Sex offender eyed in cold case disappearances of 2 women in South Carolina

Crystal Soles

Brittanee Drexel

 

Cristina Corbin

Published February 16, 2012

| FoxNews.com

A convicted child rapist is being eyed by South Carolina cops in the disappearances of two young women, including a New York teenager who disappeared while on spring break in Myrtle Beach almost three years ago, FoxNews.com has learned.

Raymond Moody (Source: Georgetown County Sheriff's Office)

Detectives say Raymond Moody is the primary “person of interest” in the 2009 disappearance of 17-year-old Brittanee Drexel, who was last seen on surveillance video leaving a popular Myrtle Beach hotel along Ocean Boulevard in a case that sparked widespread media coverage. Moody, who served 21 years in prison for abducting and raping a California girl in 1983, is also being looked at in connection with another missing woman, 28-year-old Crystal Soles, law enforcement sources told FoxNews.com.

Both women are presumed dead, though exhaustive searches in the rugged terrain between Myrtle Beach and Moody’s home some 50 miles south of the popular destination have been fruitless. Authorities have classified Drexel’s disappearance a “cold case,” meaning they renew their probe whenever they receive credible, new information. Myrtle Beach investigators have received such information within the last week, though they declined to elaborate.

Drexel, a high school junior from the Rochester area, went with friends and without her mom’s permission to Myrtle Beach on April 23, 2009. A video camera at the Blue Water Resort captured her leaving the hotel on April 25 close to 9 p.m., police said. The footage is the last known sighting of her.

Investigator Phillip Hanna of the Georgetown County Sheriff’s Office said a signal from Drexel’s cellphone was detected about 50 miles south of Myrtle Beach later that night – in a remote boat landing area near the South Santee River and roughly 8 miles from the Sunset Lodge apartments in Georgetown County where Moody had been living at the time.

Detectives revealed to FoxNews.com that Moody, a registered Level 3 sex offender, was in the Myrtle Beach area the same weekend Drexel disappeared. Capt. Joe Vella of the Myrtle Beach Police Department said Moody was issued a speeding ticket in Surfside on April 26, a day after the teenager was last seen.

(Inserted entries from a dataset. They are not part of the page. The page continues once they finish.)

(* Let $E$ be an $\mathbb{R}$-group, $X$ a locally compact (Hausdorff) space not reduced to one point in which every point has a countable base of neighbourhoods, and $\mathcal{H}=(H_\varepsilon)_{\varepsilon\in E}$ a continuous absorptive action of $E$ on $X$ with center $\omega$. Then for every nonconstant continuous group homomorphism $h:E\to\mathbb{R}_+^*$ such that, for every $\alpha\in E$, the set $\{\varepsilon\in E:\varepsilon\ge\alpha\}$ is integrable for $h\cdot m$ ($m$ a Haar measure on $E$), there exists a nontrivial positive Radon measure $\lambda$ on $X$ with $H_\varepsilon(\lambda)=h(\varepsilon^{-1})\lambda$ for all $\varepsilon\in E$. In particular a nontrivial $\mathcal{H}$-homogeneous positive Radon measure on $X$ always exists.
   Context: An $\mathbb{R}$-group is an abelian group $E$ (operation written multiplicatively) whose underlying set is a subset of $\mathbb{R}$ containing all positive integers, such that: (RG1) with the natural order of $\mathbb{R}$, $E$ is a totally ordered group; (RG2) with the topology induced from $\mathbb{R}$, $E$ is a locally compact group; (RG3) there is at least one nonconstant continuous homomorphism $h:E\to\mathbb{R}_+^*$ such that for every $\alpha\in E$ the set $\{\varepsilon\in E:\varepsilon\ge\alpha\}$ is integrable for $h\cdot m$, $m$ a Haar measure on $E$. $e$ is the identity of $E$, $\varepsilon^{-1}$ the group inverse; inequalities refer to the order of $\mathbb{R}$. An action of $E$ on $X$ is a family $(H_\varepsilon)_{\varepsilon\in E}$ of bijections of $X$ with $H_\varepsilon\circ H_{\varepsilon'}=H_{\varepsilon\varepsilon'}$, $H_e=\mathrm{id}_X$; continuous if $(\varepsilon,x)\mapsto H_\varepsilon(x)$ is continuous on $E\times X$; absorptive if some $\omega\in X$ satisfies: for every neighbourhood $V$ of $\omega$ and every $x\in X$ there are a neighbourhood $U$ of $x$ and $\alpha\in E$ with $H_{\varepsilon^{-1}}(U)\subset V$ for all $\varepsilon\le\alpha$; this $\omega$ is unique and called the center. $H_\varepsilon(\lambda)$ is the image measure $\varphi\mapsto\int\varphi(H_\varepsilon(x))\,d\lambda(x)$, $\varphi\in\mathcal{K}(X)$. A positive Radon measure $\lambda$ is $\mathcal{H}$-homogeneous if for each $\varepsilon$ there is $c(\varepsilon)>0$ with $H_\varepsilon(\lambda)=c(\varepsilon)\lambda$. A Radon measure is nontrivial if it is different from $0$ and from $\delta_\omega$. *)

theory Defs
  imports "HOL-Analysis.Analysis"
begin

definition real_abelian_group :: "real set \<Rightarrow> (real \<Rightarrow> real \<Rightarrow> real) \<Rightarrow> real \<Rightarrow> (real \<Rightarrow> real) \<Rightarrow> bool" where
  "real_abelian_group E mul e iv \<longleftrightarrow>
     (\<forall>x\<in>E. \<forall>y\<in>E. mul x y \<in> E) \<and>
     (\<forall>x\<in>E. \<forall>y\<in>E. \<forall>z\<in>E. mul (mul x y) z = mul x (mul y z)) \<and>
     (\<forall>x\<in>E. \<forall>y\<in>E. mul x y = mul y x) \<and>
     e \<in> E \<and> (\<forall>x\<in>E. mul e x = x) \<and>
     (\<forall>x\<in>E. iv x \<in> E \<and> mul (iv x) x = e)"

text \<open>Haar measure on the locally compact group E (topology induced from the reals):
  a nonzero Borel measure on E, finite on compact sets, invariant under translations.
  (E is second countable, so locally finite Borel measures on E are automatically Radon.)\<close>
definition haar_measure :: "real set \<Rightarrow> (real \<Rightarrow> real \<Rightarrow> real) \<Rightarrow> real measure \<Rightarrow> bool" where
  "haar_measure E mul m \<longleftrightarrow>
     sets m = sets (restrict_space borel E) \<and>
     emeasure m E \<noteq> 0 \<and>
     (\<forall>K. K \<subseteq> E \<and> compact K \<longrightarrow> emeasure m K < \<infinity>) \<and>
     (\<forall>a\<in>E. \<forall>A\<in>sets m. emeasure m ((\<lambda>x. mul a x) ` A) = emeasure m A)"

definition pos_char :: "real set \<Rightarrow> (real \<Rightarrow> real \<Rightarrow> real) \<Rightarrow> (real \<Rightarrow> real) \<Rightarrow> bool" where
  "pos_char E mul h \<longleftrightarrow>
     (\<forall>x\<in>E. 0 < h x) \<and> (\<forall>x\<in>E. \<forall>y\<in>E. h (mul x y) = h x * h y) \<and> continuous_on E h"

definition nonconstant_on :: "real set \<Rightarrow> (real \<Rightarrow> real) \<Rightarrow> bool" where
  "nonconstant_on E h \<longleftrightarrow> (\<exists>x\<in>E. \<exists>y\<in>E. h x \<noteq> h y)"

definition upper_integrable :: "real set \<Rightarrow> real measure \<Rightarrow> (real \<Rightarrow> real) \<Rightarrow> bool" where
  "upper_integrable E m h \<longleftrightarrow> (\<forall>\<alpha>\<in>E. set_integrable m {\<epsilon>\<in>E. \<alpha> \<le> \<epsilon>} h)"

definition R_group :: "real set \<Rightarrow> (real \<Rightarrow> real \<Rightarrow> real) \<Rightarrow> real \<Rightarrow> (real \<Rightarrow> real) \<Rightarrow> bool" where
  "R_group E mul e iv \<longleftrightarrow>
     real_abelian_group E mul e iv \<and>
     (\<forall>n::nat. 1 \<le> n \<longrightarrow> real n \<in> E) \<and>
     \<comment> \<open>(RG1) totally ordered group for the order of the reals\<close>
     (\<forall>x\<in>E. \<forall>y\<in>E. \<forall>z\<in>E. x \<le> y \<longrightarrow> mul x z \<le> mul y z) \<and>
     \<comment> \<open>(RG2) locally compact topological group for the induced topology\<close>
     continuous_on (E \<times> E) (\<lambda>p. mul (fst p) (snd p)) \<and>
     continuous_on E iv \<and>
     locally_compact_space (top_of_set E) \<and>
     \<comment> \<open>(RG3)\<close>
     (\<exists>h. pos_char E mul h \<and> nonconstant_on E h \<and>
        (\<exists>m. haar_measure E mul m \<and> upper_integrable E m h))"

definition action :: "real set \<Rightarrow> (real \<Rightarrow> real \<Rightarrow> real) \<Rightarrow> real \<Rightarrow> (real \<Rightarrow> 'a \<Rightarrow> 'a) \<Rightarrow> bool" where
  "action E mul e H \<longleftrightarrow>
     (\<forall>\<epsilon>\<in>E. bij (H \<epsilon>)) \<and>
     (\<forall>\<epsilon>\<in>E. \<forall>\<epsilon>'\<in>E. H \<epsilon> \<circ> H \<epsilon>' = H (mul \<epsilon> \<epsilon>')) \<and>
     H e = id"

definition continuous_action :: "real set \<Rightarrow> (real \<Rightarrow> 'a::topological_space \<Rightarrow> 'a) \<Rightarrow> bool" where
  "continuous_action E H \<longleftrightarrow> continuous_on (E \<times> UNIV) (\<lambda>p. H (fst p) (snd p))"

definition absorptive_center :: "real set \<Rightarrow> (real \<Rightarrow> real) \<Rightarrow> (real \<Rightarrow> 'a::topological_space \<Rightarrow> 'a) \<Rightarrow> 'a \<Rightarrow> bool" where
  "absorptive_center E iv H \<omega> \<longleftrightarrow>
     (\<forall>V. open V \<and> \<omega> \<in> V \<longrightarrow>
        (\<forall>x. \<exists>U. \<exists>\<alpha>\<in>E. open U \<and> x \<in> U \<and> (\<forall>\<epsilon>\<in>E. \<epsilon> \<le> \<alpha> \<longrightarrow> H (iv \<epsilon>) ` U \<subseteq> V)))"

section \<open>Radon measures (Bourbaki: positive linear forms on K(X))\<close>

definition Kc :: "('a::topological_space \<Rightarrow> real) set" where
  "Kc = {\<phi>. continuous_on UNIV \<phi> \<and> compact (closure {x. \<phi> x \<noteq> 0})}"

definition positive_radon :: "(('a::topological_space \<Rightarrow> real) \<Rightarrow> real) \<Rightarrow> bool" where
  "positive_radon L \<longleftrightarrow>
     (\<forall>\<phi>\<in>Kc. \<forall>\<psi>\<in>Kc. L (\<lambda>x. \<phi> x + \<psi> x) = L \<phi> + L \<psi>) \<and>
     (\<forall>\<phi>\<in>Kc. \<forall>c. L (\<lambda>x. c * \<phi> x) = c * L \<phi>) \<and>
     (\<forall>\<phi>\<in>Kc. (\<forall>x. 0 \<le> \<phi> x) \<longrightarrow> 0 \<le> L \<phi>)"

text \<open>Nontrivial: different (as a Radon measure, i.e. on K(X)) from 0 and from the Dirac measure at \<omega>.\<close>
definition nontrivial_radon :: "'a::topological_space \<Rightarrow> (('a \<Rightarrow> real) \<Rightarrow> real) \<Rightarrow> bool" where
  "nontrivial_radon \<omega> L \<longleftrightarrow> (\<exists>\<phi>\<in>Kc. L \<phi> \<noteq> 0) \<and> (\<exists>\<phi>\<in>Kc. L \<phi> \<noteq> \<phi> \<omega>)"

definition image_radon :: "('a \<Rightarrow> 'a) \<Rightarrow> (('a \<Rightarrow> real) \<Rightarrow> real) \<Rightarrow> (('a \<Rightarrow> real) \<Rightarrow> real)" where
  "image_radon G L = (\<lambda>\<phi>. L (\<phi> \<circ> G))"

definition homogeneous_radon :: "real set \<Rightarrow> (real \<Rightarrow> 'a::topological_space \<Rightarrow> 'a) \<Rightarrow> (('a \<Rightarrow> real) \<Rightarrow> real) \<Rightarrow> bool" where
  "homogeneous_radon E H L \<longleftrightarrow> positive_radon L \<and>
     (\<forall>\<epsilon>\<in>E. \<exists>c>0. \<forall>\<phi>\<in>Kc. image_radon (H \<epsilon>) L \<phi> = c * L \<phi>)"

end

theory Submission
  imports Defs
begin

text \<open>
  Pick a point x0 different from the center \<omega> and push the measure h\<cdot>m forward
  along the orbit map \<eta> \<mapsto> H \<eta> x0, i.e. consider the linear form
      L(\<phi>) = \<integral> h(\<eta>) \<phi>(H \<eta> x0) dm(\<eta>)      on K(X).
  (1) Absorptivity makes the orbit leave every compact set as \<eta> becomes small, so for
      \<phi> \<in> K(X) the integrand vanishes below some \<beta>; on {\<eta> \<ge> \<beta>} it is bounded by a
      multiple of h, which is integrable by (RG3). Hence L is a positive Radon measure.
  (2) Translation invariance of m and multiplicativity of h give H \<epsilon> (L) = h(\<epsilon>\<inverse>) L.
  (3) A bump function \<phi>0 \<ge> 0 vanishing at \<omega> with \<phi>0(x0) > 0 yields a continuous nonnegative
      integrand positive at e; since nonempty open subsets of E have positive Haar measure
      (E is Lindelof), L(\<phi>0) > 0 = \<phi>0(\<omega>), so L is neither 0 nor the Dirac measure at \<omega>.
\<close>

lemma grp:
  assumes "real_abelian_group E mul e iv"
  shows grp_closed: "\<And>x y. x \<in> E \<Longrightarrow> y \<in> E \<Longrightarrow> mul x y \<in> E"
    and grp_assoc: "\<And>x y z. x \<in> E \<Longrightarrow> y \<in> E \<Longrightarrow> z \<in> E \<Longrightarrow> mul (mul x y) z = mul x (mul y z)"
    and grp_comm: "\<And>x y. x \<in> E \<Longrightarrow> y \<in> E \<Longrightarrow> mul x y = mul y x"
    and grp_e: "e \<in> E"
    and grp_lid: "\<And>x. x \<in> E \<Longrightarrow> mul e x = x"
    and grp_ivE: "\<And>x. x \<in> E \<Longrightarrow> iv x \<in> E"
    and grp_linv: "\<And>x. x \<in> E \<Longrightarrow> mul (iv x) x = e"
  using assms unfolding real_abelian_group_def by blast+

lemma grp_cancel:
  assumes G: "real_abelian_group E mul e iv" and a: "a \<in> E" and x: "x \<in> E"
  shows "mul (iv a) (mul a x) = x" and "mul a (mul (iv a) x) = x"
proof -
  have ia: "iv a \<in> E" using grp_ivE[OF G a] .
  have "mul (iv a) (mul a x) = mul (mul (iv a) a) x" using grp_assoc[OF G ia a x] by simp
  also have "\<dots> = x" using grp_linv[OF G a] grp_lid[OF G x] by simp
  finally show "mul (iv a) (mul a x) = x" .
  have "mul a (mul (iv a) x) = mul (mul a (iv a)) x" using grp_assoc[OF G a ia x] by simp
  also have "\<dots> = mul (mul (iv a) a) x" using grp_comm[OF G a ia] by simp
  also have "\<dots> = x" using grp_linv[OF G a] grp_lid[OF G x] by simp
  finally show "mul a (mul (iv a) x) = x" .
qed

lemma grp_translate_onto:
  assumes G: "real_abelian_group E mul e iv" and a: "a \<in> E" and s: "s \<in> E"
  shows "mul (mul a (iv s)) s = a"
proof -
  have is': "iv s \<in> E" using grp_ivE[OF G s] .
  have "mul (mul a (iv s)) s = mul a (mul (iv s) s)" using grp_assoc[OF G a is' s] .
  also have "\<dots> = mul a e" using grp_linv[OF G s] by simp
  also have "\<dots> = a" using grp_comm[OF G a grp_e[OF G]] grp_lid[OF G a] by simp
  finally show ?thesis .
qed

lemma action_apply_mul:
  assumes "action E mul e H" and "a \<in> E" and "b \<in> E"
  shows "H a (H b x) = H (mul a b) x"
  using assms unfolding action_def by (metis comp_apply)

lemma action_inverse_cancel:
  assumes act: "action E mul e H" and G: "real_abelian_group E mul e iv" and \<eta>: "\<eta> \<in> E"
  shows "H (iv \<eta>) (H \<eta> x) = x"
proof -
  have "H (iv \<eta>) (H \<eta> x) = H (mul (iv \<eta>) \<eta>) x"
    using action_apply_mul[OF act grp_ivE[OF G \<eta>] \<eta>] .
  also have "\<dots> = x" using act grp_linv[OF G \<eta>] unfolding action_def by simp
  finally show ?thesis .
qed

lemma orbit_continuous:
  assumes "continuous_action E H"
  shows "continuous_on E (\<lambda>\<eta>. H \<eta> x)"
proof -
  have c: "continuous_on (E \<times> UNIV) (\<lambda>p. H (fst p) (snd p))"
    using assms unfolding continuous_action_def .
  have "continuous_on E (\<lambda>\<eta>. (\<eta>, x))" by (intro continuous_intros)
  moreover have "(\<lambda>\<eta>. (\<eta>, x)) ` E \<subseteq> E \<times> UNIV" by auto
  ultimately have "continuous_on E ((\<lambda>p. H (fst p) (snd p)) \<circ> (\<lambda>\<eta>. (\<eta>, x)))"
    using continuous_on_compose continuous_on_subset c by blast
  thus ?thesis by (simp add: o_def)
qed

Police said Drexel, a petite blonde and avid soccer player, had left a group of male friends from Rochester at the Blue Water Resort to walk back to the Bar Harbor Hotel, where she was staying with other girls.

After leaving the Blue Water hotel, Drexel texted her boyfriend back home to say she was headed for her hotel, but security video confirmed she never made it, police said.

Myrtle Beach detectives said they believe Drexel was abducted as she walked the one-mile stretch of Ocean Boulevard between the two hotels. She may have been snatched off the street, Vella said, or willingly accepted a ride “from the wrong person.”

They also said Drexel was likely alive and with her phone when it gave off its last signal in Georgetown County. No activity was detected on her bank account since her disappearance and Vella said, “We don’t think it was a robbery.”

Moody served 21 years of a 40-year prison sentence after he abducted a girl from a California playground and sexually assaulted her in 1983. His convictions include three counts of rape with force and violence; two counts of lewd behavior on a child under the age of 14; and one count of assault with intent to commit mayhem, according to a state sex offender database on the South Carolina Law Enforcement Division’s website.

Moody relocated to Georgetown, S.C., where his parents live following his release from the California State Prison in Solano in 2004. Moody, who police say works as a cabinet maker, could not be reached for comment.

Vella said Moody has refused to speak with authorities. Last August, police searched the unit at the Sunset Lodge apartments, where Moody moved into the day before Drexel disappeared. Investigators have not yet disclosed what clues, if any, they uncovered at the apartment.

“We cannot eliminate him as a person of interest,” said Vella. He also noted that “one, possibly two” other individuals from coastal South Carolina are also “persons of interest,” though he and other law enforcement sources indicated that Moody remains the primary focus.

Detectives with the Georgetown County Sheriff’s Office and the South Carolina Law Enforcement Division said they are also investigating a possible connection between Drexel’s case and the 2005 disappearance of Crystal Soles. Soles, 28, was last seen Jan. 24, 2005, in Andrews, S.C., and is believed to have been abducted as she walked home in the dark.

“We are checking for any similarities to see if there are any connections between the two [cases],” detective Phillip Hanna told FoxNews.com.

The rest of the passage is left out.